Part One--Economic Crisis, The Thing, Identity Crisis
I was one of many gathered that evening in the little store-front cafe to hear plans for making National City a sanctuary for recent Mexican immigrants. To those attending I might have looked and sounded like an adventurous white suburban interloper playing hero activist or maybe even some bohemian wannabe out of his depth and element trying to wing it or fake it.
Truth be told it was just one of many times I've sprung my thoughts on an unsuspecting audience.
The first time I was in jail for illegal lodging, lying in my bunk on my back looking at the ceiling and reflecting on recent events--specifically my arrest and incarceration--I noted to one of my cell-mates: "good people are not always fair".
That one set off a mighty round of hysterics throughout the entire top tier of the jail module.
So people think I'm either naive or joking. I can be hard to define.
In the not so distant past, it seemed easier to define who I was by simply telling others what I do; I was a staff accountant, a college student, a paper boy. Recently it has occurred to me, If 'who you are' is 'what you do', and 'what you do' disappears and with it all the social notions, connections, associations and material possessions tied up with that idea--who are you then?
According to Adam Bagdasarian in his book "The Forgotten Fire":
"Time takes everything. Your home, your family, your work, your strength, the women you love. Everything.
Do you know where your real home is? Who you are and what you believe in is your real home, the only home no one can take from you, the only home that will last.
There is nothing your hands can hold that is worth having. They cannot hold the moonlight, or the melody of a song or even the beauty of a women. They can touch her face, but not her beauty. Only the heart can hold such things."
Only the heart can appreciate or hold the love of freedom. What happens to the heart of a prosperous nation when time begins to take away its economic "magic"? (Krugman)
The Economic Crisis:
In the early 70's government's long in place restrictions on capital movement, financial speculation and attacks on currencies were broken. According to Noam Chomsky's "Failed States" the historical effect those specific government restrictions had as part of the Bretton Woods Agreement allowed:
"a form of "embedded liberalism", as it is sometimes called, in which social democratic policies could be pursued. The outcome is often termed the "golden age" of capitalism (more accurately, state capitalism) with unprecedented economic growth that was also egalitarian, and enactment of significant welfare-state measures to benefit the general population."
"[I]n the Bretton Woods System limits on capital mobility substituted for limits on democracy as a source of insulation from market pressures. With the dismantling of the system from the 1970s, substantive democracy is reduced, and it becomes necessary to divert and control the public in some fashion."
Also in the early 70's, the U.S. economy, by all accounts, stalled--"the public was angry and dismayed; and politicians were looking for answers." A snake-oil salesman was happy to tell people what they wanted to hear. "Supply-side economics happened to capture the mind of a consummate politician" and he in turn captured the very heart and soul of the nation. (Krugman)

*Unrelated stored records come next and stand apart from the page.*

(* Let $m<-n$. (1) For every $\rho\in\mathbb S^m(\mathbb R^n;\mathscr A_\theta)$, the operator $P_\rho$ is trace-class on $\mathcal H_\theta$. (2) The map $\rho\mapsto P_\rho$ is a continuous linear map from $\mathbb S^m(\mathbb R^n;\mathscr A_\theta)$ to the trace class $\mathscr L^1$ (with the trace norm). (3) For every $\rho\in\mathbb S^m(\mathbb R^n;\mathscr A_\theta)$, $$\operatorname{Trace}(P_\rho)=\sum_{k\in\mathbb Z^n}\tau\big[\rho(k)\big].$$
   Context: Fix $n\ge 2$ and a real antisymmetric $n\times n$ matrix $\theta$. The noncommutative torus $A_\theta$ is the $C^*$-algebra generated by unitaries $U_1,\dots,U_n$ with $U_kU_j=e^{2i\pi\theta_{jk}}U_jU_k$; $U^k=U_1^{k_1}\cdots U_n^{k_n}$; $\|\cdot\|$ is the $C^*$-norm; $\tau$ is the continuous trace on $A_\theta$ with $\tau(U^0)=1$, $\tau(U^k)=0$ for $k\neq0$. $\mathcal H_\theta$ is the Hilbert space completion of $A_\theta$ for $(u,v)=\tau(uv^* )$, with orthonormal basis $(U^k)_{k\in\mathbb Z^n}$. $\mathbb R^n$ acts by $*$-automorphisms $\alpha_s$ with $\alpha_s(U^k)=e^{is\cdot k}U^k$; $\mathscr A_\theta$ is the Fréchet algebra of smooth elements (the sums $\sum u_kU^k$ with $(u_k)$ rapidly decreasing; seminorms $u\mapsto\|\delta^\alpha u\|$ with $\delta_j(U^k)=k_jU^k$). $\mathbb S^m(\mathbb R^n;\mathscr A_\theta)$ is the Fréchet space of smooth $\rho:\mathbb R^n\to\mathscr A_\theta$ with $\|\delta^\alpha\partial_\xi^\beta\rho(\xi)\|\le C_{\alpha\beta}(1+|\xi|)^{m-|\beta|}$ (seminorms given by the best constants). $P_\rho$ is the pseudodifferential operator $P_\rho u=\iint e^{is\cdot\xi}\rho(\xi)\alpha_{-s}(u)\,ds\,(2\pi)^{-n}d\xi$ (oscillating integral), i.e. $P_\rho(\sum u_kU^k)=\sum u_k\rho(k)U^k$; for $m\le0$ it extends to a bounded operator on $\mathcal H_\theta$. *)

theory Defs
  imports "HOL-Analysis.Analysis"
begin

text \<open>Elements of the noncommutative torus are represented by their Fourier coefficients
  u :: int^'n => complex, i.e. u = sum_k u k U^k. The index type 'n (with its linear order)
  plays the role of {1..n}.\<close>

type_synonym 'n coef = "(int, 'n) vec \<Rightarrow> complex"

definition rvec :: "(int, 'n::finite) vec \<Rightarrow> (real, 'n) vec" where
  "rvec k = (\<chi> i. real_of_int (k$i))"

text \<open>Phase: U^j U^k = phase theta j k * U^(j+k), computed from U_b U_a = e^(2 i pi theta_ab) U_a U_b.\<close>
definition phase :: "((real, 'n::{finite,linorder}) vec, 'n) vec \<Rightarrow> (int, 'n) vec \<Rightarrow> (int, 'n) vec \<Rightarrow> complex" where
  "phase \<theta> j k = cis (2 * pi * (\<Sum>a\<in>UNIV. \<Sum>b\<in>{b. a < b}.
       \<theta>$a$b * real_of_int (k$a) * real_of_int (j$b)))"
lemma card_assign_true_less:
  assumes "i \<in> pos_units \<Phi>"
  shows "card (set (assign_true i \<Phi>)) < card (set \<Phi>)"
proof -
  let ?f = "\<lambda>(P::nat set, S). (P, S - {i})"
  let ?A = "set (filter (\<lambda>(P, S). i \<notin> P) \<Phi>)"
  have eq: "set (assign_true i \<Phi>) = ?f ` ?A" unfolding assign_true_def by simp
  have "?A \<subset> set \<Phi>" using assms unfolding pos_units_def by auto
  hence "card ?A < card (set \<Phi>)" by (simp add: psubset_card_mono)
  moreover have "card (?f ` ?A) \<le> card ?A" by (rule card_image_le) simp
  ultimately show ?thesis using eq by simp
qed

text \<open>The first argument t is the number of currently unassigned
  variables, i.e. the current stage. The result is (s, b): PUR terminated at stage s,
  accepting (b = True) or rejecting (b = False).\<close>
function pur :: "nat \<Rightarrow> clause list \<Rightarrow> (nat \<times> bool) pmf" where
  "pur t \<Phi> =
     (if pos_units \<Phi> = {} then return_pmf (t, True)
      else pmf_of_set (pos_units \<Phi>) \<bind>
        (\<lambda>i. if ({}, {i}) \<in> set \<Phi> then return_pmf (t, False)
             else pur (t - 1) (assign_true i \<Phi>)))"
  by auto
termination
proof (relation "Wellfounded.measure (\<lambda>(t, \<Phi>). card (set \<Phi>))")
  show "wf (Wellfounded.measure (\<lambda>(t, \<Phi>). card (set \<Phi>)))" by simp
next
  fix t \<Phi> i
  assume "pos_units \<Phi> \<noteq> {}" "i \<in> set_pmf (pmf_of_set (pos_units \<Phi>))"
  hence "i \<in> pos_units \<Phi>" using finite_pos_units by simp
  thus "((t - 1, assign_true i \<Phi>), t, \<Phi>) \<in> Wellfounded.measure (\<lambda>(t, \<Phi>). card (set \<Phi>))"
    using card_assign_true_less by simp
qed

definition pur_run :: "nat \<Rightarrow> nat \<Rightarrow> (nat \<times> bool) pmf" where
  "pur_run n m = formula_pmf n m \<bind> pur n"

definition reaches_stage :: "nat \<Rightarrow> nat \<times> bool \<Rightarrow> bool" where
  "reaches_stage t r \<longleftrightarrow> fst r \<le> t"

definition rejects_at_stage :: "nat \<Rightarrow> nat \<times> bool \<Rightarrow> bool" where
  "rejects_at_stage t r \<longleftrightarrow> fst r = t \<and> \<not> snd r"

end

theory Submission
  imports Defs "HOL-Real_Asymp.Real_Asymp"
begin

text \<open>
  Split PUR according to the sequence of the n - p variables it sets before stage p: the
  probability of reaching stage p is the total weight of these paths. After a path with variable
  set A, PUR fails to reject only if the formula misses a family of at least 2^(n-p-1) clauses
  that the path itself never inspects: positive clauses that would provide a further unit (if
  there is none), or negative clauses that would refute the chosen unit. Since clauses are
  independent, this costs a factor 1 - 2^(n-p-1)/|H_n| for every clause whose negative part is not
  inside A. Outside an event of probability exponentially small in m, every A with |A| < n has at
  least m/4 such clauses, so the weight of not rejecting is at most
  2 exp(-(c/8 - o(1)) 2^(n - log n - p)) times the probability of reaching stage p, plus that
  event. The latter probability is at least that of a formula starting with the units
  x_1, ..., x_(n-p) followed by clauses with a positive literal only, which is still far larger
  than the exceptional event.
\<close>

section \<open>Counting Horn clauses\<close>

definition positive_parts :: "nat \<Rightarrow> nat set set" where
  "positive_parts n = insert {} ((\<lambda>i. {i}) ` {1..n})"

lemma card_positive_parts: "card (positive_parts n) = n + 1"
proof -
  have "card ((\<lambda>i. {i::nat}) ` {1..n}) = n"
    by (subst card_image) (auto simp: inj_on_def)
  then show ?thesis
    unfolding positive_parts_def by (subst card_insert_disjoint) auto
qed

lemma finite_positive_parts: "finite (positive_parts n)"
  unfolding positive_parts_def by simp

lemma horn_clauses_eq: "horn_clauses n = positive_parts n \<times> Pow {1..n} - {({}, {})}"
  unfolding horn_clauses_def positive_parts_def by auto

lemma finite_horn_clauses: "finite (horn_clauses n)"
  unfolding horn_clauses_eq by (simp add: finite_positive_parts)

lemma card_horn_clauses: "card (horn_clauses n) = (n + 1) * 2 ^ n - 1"
proof -
  have "({}, {}) \<in> positive_parts n \<times> Pow {1..n}"
    unfolding positive_parts_def by auto
  then show ?thesis
    unfolding horn_clauses_eq
    by (subst card_Diff_singleton)
      (auto simp: card_cartesian_product card_positive_parts card_Pow finite_positive_parts)
qed

lemma card_horn_clauses_ge:
  assumes "1 \<le> n" "k \<le> n"
  shows "(2::real) ^ k \<le> card (horn_clauses n)"
proof -
  have "1 \<le> n * 2 ^ n" using assms by simp
  moreover have "(n + 1) * 2 ^ n - 1 = 2 ^ n + n * 2 ^ n - (1::nat)"
    by (simp add: algebra_simps)
  ultimately have "2 ^ n \<le> card (horn_clauses n)"
    unfolding card_horn_clauses by linarith
  then have "(2::real) ^ n \<le> card (horn_clauses n)"
    by (metis of_nat_le_iff of_nat_numeral of_nat_power)
  moreover have "(2::real) ^ k \<le> 2 ^ n"
    using assms(2) by (intro power_increasing) auto
  ultimately show ?thesis by linarith
qed

lemma card_horn_clauses_le: "card (horn_clauses n) \<le> (n + 1) * 2 ^ n"
  unfolding card_horn_clauses by simp

lemma card_horn_clauses_pos: "n \<ge> 1 \<Longrightarrow> card (horn_clauses n) > 0"
  using card_horn_clauses_ge[of n 0] by simp

lemma card_horn_clauses_positive: "card {c \<in> horn_clauses n. fst c \<noteq> {}} = n * 2 ^ n"
proof -
  have "{c \<in> horn_clauses n. fst c \<noteq> {}} = ((\<lambda>i. {i}) ` {1..n}) \<times> Pow {1..n}"
    unfolding horn_clauses_def by auto
  moreover have "card ((\<lambda>i. {i::nat}) ` {1..n}) = n"
    by (subst card_image) (auto simp: inj_on_def)
  ultimately show ?thesis by (simp add: card_cartesian_product card_Pow)
qed

lemma card_horn_clauses_negatives_within:
  assumes "A \<subseteq> {1..n}"
  shows "card {c \<in> horn_clauses n. snd c \<subseteq> A} \<le> (n + 1) * 2 ^ card A"
proof -
  have fin: "finite A" using assms finite_subset by blast
  have "{c \<in> horn_clauses n. snd c \<subseteq> A} \<subseteq> positive_parts n \<times> Pow A"
    unfolding horn_clauses_eq by auto
  then have "card {c \<in> horn_clauses n. snd c \<subseteq> A} \<le> card (positive_parts n \<times> Pow A)"
    by (intro card_mono) (auto simp: finite_positive_parts fin)
  also have "\<dots> = (n + 1) * 2 ^ card A"
    by (simp add: card_cartesian_product card_positive_parts card_Pow fin)
  finally show ?thesis .
qed

lemma card_image_insert_Pow:
  assumes "finite B" "l \<notin> B"
  shows "card ((\<lambda>T. (P, insert l T)) ` Pow B) = 2 ^ card B"
proof -
  have "inj_on (\<lambda>T. (P, insert l T)) (Pow B)"
    using assms(2) unfolding inj_on_def by (auto simp: insert_ident)
  then show ?thesis using assms by (simp add: card_image card_Pow)
qed

section \<open>Averages over lists with independent entries\<close>

text \<open>For X = horn_clauses n this is the expectation over \<Omega>(n,m)
  (see measure_formula_pmf_bind).\<close>
fun list_avg :: "'a set \<Rightarrow> nat \<Rightarrow> ('a list \<Rightarrow> real) \<Rightarrow> real" where
  "list_avg X 0 f = f []"
| "list_avg X (Suc m) f = (\<Sum>c\<in>X. list_avg X m (\<lambda>xs. f (c # xs))) / card X"

lemma list_avg_mono:
  assumes "\<And>xs. set xs \<subseteq> X \<Longrightarrow> length xs = m \<Longrightarrow> f xs \<le> g xs"
  shows "list_avg X m f \<le> list_avg X m g"
  using assms
proof (induction m arbitrary: f g)
  case (Suc m)
  have "(\<Sum>c\<in>X. list_avg X m (\<lambda>xs. f (c # xs))) \<le> (\<Sum>c\<in>X. list_avg X m (\<lambda>xs. g (c # xs)))"
    by (intro sum_mono Suc.IH) (auto intro!: Suc.prems)
  then show ?case by (simp add: divide_right_mono)
qed simp

lemma list_avg_cong:
  "(\<And>xs. set xs \<subseteq> X \<Longrightarrow> length xs = m \<Longrightarrow> f xs = g xs) \<Longrightarrow> list_avg X m f = list_avg X m g"
  using list_avg_mono[of X m f g] list_avg_mono[of X m g f] by force

lemma list_avg_add: "list_avg X m (\<lambda>xs. f xs + g xs) = list_avg X m f + list_avg X m g"
  by (induction m arbitrary: f g) (simp_all add: sum.distrib add_divide_distrib)

lemma list_avg_cmult: "list_avg X m (\<lambda>xs. a * f xs) = a * list_avg X m f"
  by (induction m arbitrary: f) (simp_all add: sum_distrib_left)

lemma list_avg_zero [simp]: "list_avg X m (\<lambda>xs. 0) = 0"
  by (induction m) simp_all

lemma list_avg_sum:
  "finite I \<Longrightarrow> list_avg X m (\<lambda>xs. \<Sum>i\<in>I. f i xs) = (\<Sum>i\<in>I. list_avg X m (f i))"
  by (induction I rule: finite_induct) (simp_all add: list_avg_add)

lemma list_avg_nonneg:
  "(\<And>xs. set xs \<subseteq> X \<Longrightarrow> length xs = m \<Longrightarrow> f xs \<ge> 0) \<Longrightarrow> list_avg X m f \<ge> 0"
  using list_avg_mono[of X m "\<lambda>_. 0" f] by simp
lemma \<phi>_mult_integrable: "integrable \<mu> (\<lambda>x. \<phi> i x * \<phi> j x)"
proof (rule Bochner_Integration.integrable_bound)
  show "integrable \<mu> (\<lambda>x. ((\<phi> i x)\<^sup>2 + (\<phi> j x)\<^sup>2) / 2)"
    using \<phi>_square_integrable by auto
  show "AE x in \<mu>. norm (\<phi> i x * \<phi> j x) \<le> norm (((\<phi> i x)\<^sup>2 + (\<phi> j x)\<^sup>2) / 2)"
    using abs_mult_le_half_sq_sum by (intro AE_I2) (simp add: abs_le_iff)
qed measurable

lemma integrable_mult_K: "integrable \<mu> v \<Longrightarrow> integrable \<mu> (\<lambda>s. v s * K x s)"
proof (rule Bochner_Integration.integrable_bound)
  assume v: "integrable \<mu> v"
  then show "integrable \<mu> (\<lambda>s. diag_sup * \<bar>v s\<bar>)" by simp
  show "AE s in \<mu>. norm (v s * K x s) \<le> norm (diag_sup * \<bar>v s\<bar>)"
    by (intro AE_I2)
      (simp add: abs_mult mult.commute[of diag_sup] mult_left_mono K_abs_le
        abs_of_nonneg[OF diag_sup_nonneg])
  show "(\<lambda>s. v s * K x s) \<in> borel_measurable \<mu>" using v by measurable
qed

lemma integral_mult_K_series:
  assumes v: "integrable \<mu> v" and v\<phi>: "\<And>j. integrable \<mu> (\<lambda>s. v s * \<phi> j s)"
  shows "(\<lambda>m. \<Sum>j<m. w j * \<phi> j x * (LINT s|\<mu>. v s * \<phi> j s)) \<longlonglongrightarrow> (LINT s|\<mu>. v s * K x s)"
proof -
  have [measurable]: "v \<in> borel_measurable \<mu>" using v by simp
  have partial: "(LINT s|\<mu>. v s * (\<Sum>j<m. w j * \<phi> j x * \<phi> j s))
                   = (\<Sum>j<m. w j * \<phi> j x * (LINT s|\<mu>. v s * \<phi> j s))" for m
  proof -
    have "(LINT s|\<mu>. v s * (\<Sum>j<m. w j * \<phi> j x * \<phi> j s))
            = (LINT s|\<mu>. (\<Sum>j<m. w j * \<phi> j x * (v s * \<phi> j s)))"
      by (simp add: sum_distrib_left ac_simps)
    also have "\<dots> = (\<Sum>j<m. w j * \<phi> j x * (LINT s|\<mu>. v s * \<phi> j s))"
      using v\<phi> by (subst Bochner_Integration.integral_sum) auto
    finally show ?thesis .
  qed
  have "(\<lambda>m. LINT s|\<mu>. v s * (\<Sum>j<m. w j * \<phi> j x * \<phi> j s)) \<longlonglongrightarrow> (LINT s|\<mu>. v s * K x s)"
  proof (rule integral_dominated_convergence[where w="\<lambda>s. diag_sup * \<bar>v s\<bar>"])
    show "AE s in \<mu>. (\<lambda>m. v s * (\<Sum>j<m. w j * \<phi> j x * \<phi> j s)) \<longlonglongrightarrow> v s * K x s"
      by (intro AE_I2 tendsto_mult_left K_partial_sums)
    show "AE s in \<mu>. norm (v s * (\<Sum>j<m. w j * \<phi> j x * \<phi> j s)) \<le> diag_sup * \<bar>v s\<bar>" for m
    proof (intro AE_I2)
      fix s
      have "\<bar>v s\<bar> * \<bar>\<Sum>j<m. w j * \<phi> j x * \<phi> j s\<bar> \<le> \<bar>v s\<bar> * diag_sup"
        using partial_sum_abs_le by (rule mult_left_mono) simp
      then show "norm (v s * (\<Sum>j<m. w j * \<phi> j x * \<phi> j s)) \<le> diag_sup * \<bar>v s\<bar>"
        by (simp add: abs_mult mult.commute)
    qed
    show "integrable \<mu> (\<lambda>s. diag_sup * \<bar>v s\<bar>)" using v by simp
  qed measurable
  then show ?thesis unfolding partial .
qed

lemma K_commute: "K s t = K t s"
proof -
  have "(\<lambda>j. w j * \<phi> j t * \<phi> j s) sums K s t" using K_expansion[of s t] by (simp add: ac_simps)
  then show ?thesis using K_expansion[of t s] by (rule sums_unique2)
qed

definition eigen_comb :: "nat set \<Rightarrow> (nat \<Rightarrow> real) \<Rightarrow> 'a \<Rightarrow> real" where
  "eigen_comb J b s = (\<Sum>j\<in>J. b j * \<phi> j s)"

lemma integrable_eigen_comb: "integrable \<mu> (eigen_comb J b)"
  unfolding eigen_comb_def using \<phi>_integrable by auto

lemma integrable_eigen_comb_mult_\<phi>: "integrable \<mu> (\<lambda>s. eigen_comb J b s * \<phi> k s)"
  unfolding eigen_comb_def sum_distrib_right using \<phi>_mult_integrable by (auto simp: mult.assoc)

Reagan would go on to usher in a new force in American politics--an amalgamation of concentrated power, distorted Christianity and "voo-doo" economics.
The Thing:
In the wake of the economic downturn and break-up of the Bretton Woods agreement the stage was set for change--for the worse. A conflation of conservative ideology, Big Business and Evangelicals brought to life an abomination of unfettered power, self-interest and zealotry. In the spirit of William Cobbett I'll call it `The Thing'.
As if out of the depths of some filthy festering special-interest lagoon The Thing climbed out of the business sector to stomp into the civic arena. It was hungry and ready to grow. And it grew, and its hunger grew until its appetite was no longer sated through conservative backed remuneration, corporate welfare or outright bribery. To survive, The Thing became a predator. Among just a few of its kills and intended prey; it gutted the chapter 11 Bankruptcy Law of its "general good" organs--devouring them whole! Its stalks cute family watchdogs like "Sox" and it has the temerity to attack our Judiciary.
According to Richard Sennet, the breaking of the Bretton Woods agreement resulted in a shift in power in the business world; from managers to shareholders, from long term to short term and from human to automation.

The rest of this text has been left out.